Conclusion on acute toxicity

All availabale studies with adequate source substances support the absence of acute toxic effects or a very low potency of acute toxicity. All LD50 values determined are > 2000 mg/kg bw, and no signs of systemic toxicity were observed after either oral or dermal exposure. Moreover, dermal exposure did not result in local skin reactions. Based on these findings, no hazard with respect to acute oral and dermal toxicity is identified for the target substance Isooctadecanoic acid, mixed esters with oxybis[propanediol].

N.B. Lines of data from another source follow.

lemma perturbed_critical_value_near:
  fixes p h :: "complex poly"
  assumes p: "p \<in> centered_monic d" and t: "0 < t"
    and w': "poly (pderiv (p + smult (of_real t) h)) w' = 0"
    and h': "cmod (poly (pderiv h) w') \<le> H"
    and \<rho>: "0 < \<rho>" "t * H < real d * \<rho> ^ (d - 1)" "2 ^ (d - 1) * H * \<rho> \<le> \<kappa> / 2"
    and h_cont: "\<And>w z. poly (pderiv p) w = 0 \<Longrightarrow> cmod (z - w) < \<rho> \<Longrightarrow> cmod (poly h z - poly h w) < \<kappa> / 2"
    and interp: "\<And>w. poly (pderiv p) w = 0 \<Longrightarrow> poly h w = \<delta> (poly p w)"
  shows "\<exists>v\<in>critical_values p. cmod (poly (p + smult (of_real t) h) w' - (v + of_real t * \<delta> v)) < \<kappa> * t"
proof -
  \<comment> \<open>\<open>p'(w') = -t h'(w')\<close> is small, so the critical point \<open>w\<close> of \<open>p\<close> nearest to \<open>w'\<close> is close;
    then \<open>p(w') - p(w)\<close> is of order \<open>t \<rho>\<close> and \<open>h(w') \<approx> h(w) = \<delta>(p(w))\<close>.\<close>
  note p' = centered_monic_pderiv[OF p]
  define R where "R = {w. poly (pderiv p) w = 0}"
  have "poly (pderiv p) w' = - (of_real t * poly (pderiv h) w')"
    using w' by (simp add: pderiv_add pderiv_smult eq_neg_iff_add_eq_0)
  then have p'_w': "cmod (poly (pderiv p) w') \<le> t * H"
    using t h' by (simp add: norm_mult mult_left_mono)
  also have "\<dots> < cmod (lead_coeff (pderiv p)) * \<rho> ^ degree (pderiv p)"
    using \<rho>(2) p' by simp
  finally obtain w0 where "w0 \<in> R" "cmod (w' - w0) < \<rho>"
    using poly_root_near[OF p'(3) \<rho>(1)] by (auto simp: R_def)
  define w where "w = arg_min_on (\<lambda>x. cmod (w' - x)) R"
  have "finite R" using poly_roots_finite[OF p'(3)] by (simp add: R_def)
  then have w: "w \<in> R" "\<And>x. x \<in> R \<Longrightarrow> cmod (w' - w) \<le> cmod (w' - x)"
    using arg_min_if_finite[of R "\<lambda>x. cmod (w' - x)"] \<open>w0 \<in> R\<close> unfolding w_def by (auto simp: not_less)
  have "cmod (w' - w) < \<rho>"
    using w(2)[OF \<open>w0 \<in> R\<close>] \<open>cmod (w' - w0) < \<rho>\<close> by simp
  have "cmod (poly p w' - poly p w) \<le> 2 ^ degree (pderiv p) * cmod (poly (pderiv p) w') * cmod (w' - w)"
    using w(2) by (intro norm_poly_diff_le_nearest_critical_point) (simp add: R_def)
  also have "\<dots> \<le> 2 ^ (d - 1) * (t * H) * \<rho>"
    using p'_w' \<open>cmod (w' - w) < \<rho>\<close> p'(1) order_trans[OF norm_ge_zero p'_w']
    by (intro mult_mono) auto
  also have "\<dots> \<le> t * (\<kappa> / 2)"
    using \<rho>(3) t by (simp add: mult.left_commute mult.assoc mult_left_mono)
  finally have "cmod (poly p w' - poly p w) \<le> t * (\<kappa> / 2)" .
  moreover have "cmod (poly h w' - poly h w) < \<kappa> / 2"
    using h_cont w(1) \<open>cmod (w' - w) < \<rho>\<close> by (simp add: R_def)
  moreover have "poly h w = \<delta> (poly p w)"
    using interp w(1) by (simp add: R_def)
  ultimately have "cmod (poly (p + smult (of_real t) h) w' - (poly p w + of_real t * \<delta> (poly p w)))
      = cmod ((poly p w' - poly p w) + of_real t * (poly h w' - poly h w))"
    by (simp add: algebra_simps)
  also have "\<dots> \<le> cmod (poly p w' - poly p w) + t * cmod (poly h w' - poly h w)"
    using t norm_triangle_ineq[of "poly p w' - poly p w" "of_real t * (poly h w' - poly h w)"]
    by (simp add: norm_mult)
  also have "\<dots> < t * (\<kappa> / 2) + t * (\<kappa> / 2)"
    using t \<open>cmod (poly p w' - poly p w) \<le> t * (\<kappa> / 2)\<close> \<open>cmod (poly h w' - poly h w) < \<kappa> / 2\<close>
    by (intro add_le_less_mono mult_strict_left_mono) auto
  finally have "cmod (poly (p + smult (of_real t) h) w' - (poly p w + of_real t * \<delta> (poly p w))) < \<kappa> * t"
    by (simp add: field_simps)
  moreover have "poly p w \<in> critical_values p"
    using w(1) by (auto simp: R_def critical_values_def)
  ultimately show ?thesis by blast
qed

Justification for classification or non-classification

According to Article 13 of Regulation (EC) No. 1907/2006 (REACH) information on intrinsic properties of substances may be generated by means other than tests, e.g. using information from structurally related substances (grouping or read-across), provided that conditions set out in Annex XI are met. Annex XI states that “substances whose physicochemical, toxicological and ecotoxicological properties are likely to be similar or follow a regular pattern as a result of structural similarity may be considered as a group, or ‘category’ of substances. This avoids the need to test every substance for every endpoint". Since the read-across concept is applied to the target substance Isooctadecanoic acid, mixed esters with oxybis[propanediol], data gaps can be filled by interpolation from representative structural analogue source substances to avoid unnecessary animal testing.

The read-across concept is also used to derive the classification of the target substance taking the properties of the source substances into account. Based on the read-across concept, all available data on acute oral and dermal toxicity do not meet the classification criteria according to Regulation (EC) No. 1272/2008 (CLP) and are therefore conclusive but not sufficient for classification. No data regarding acute inhalation toxicity are available.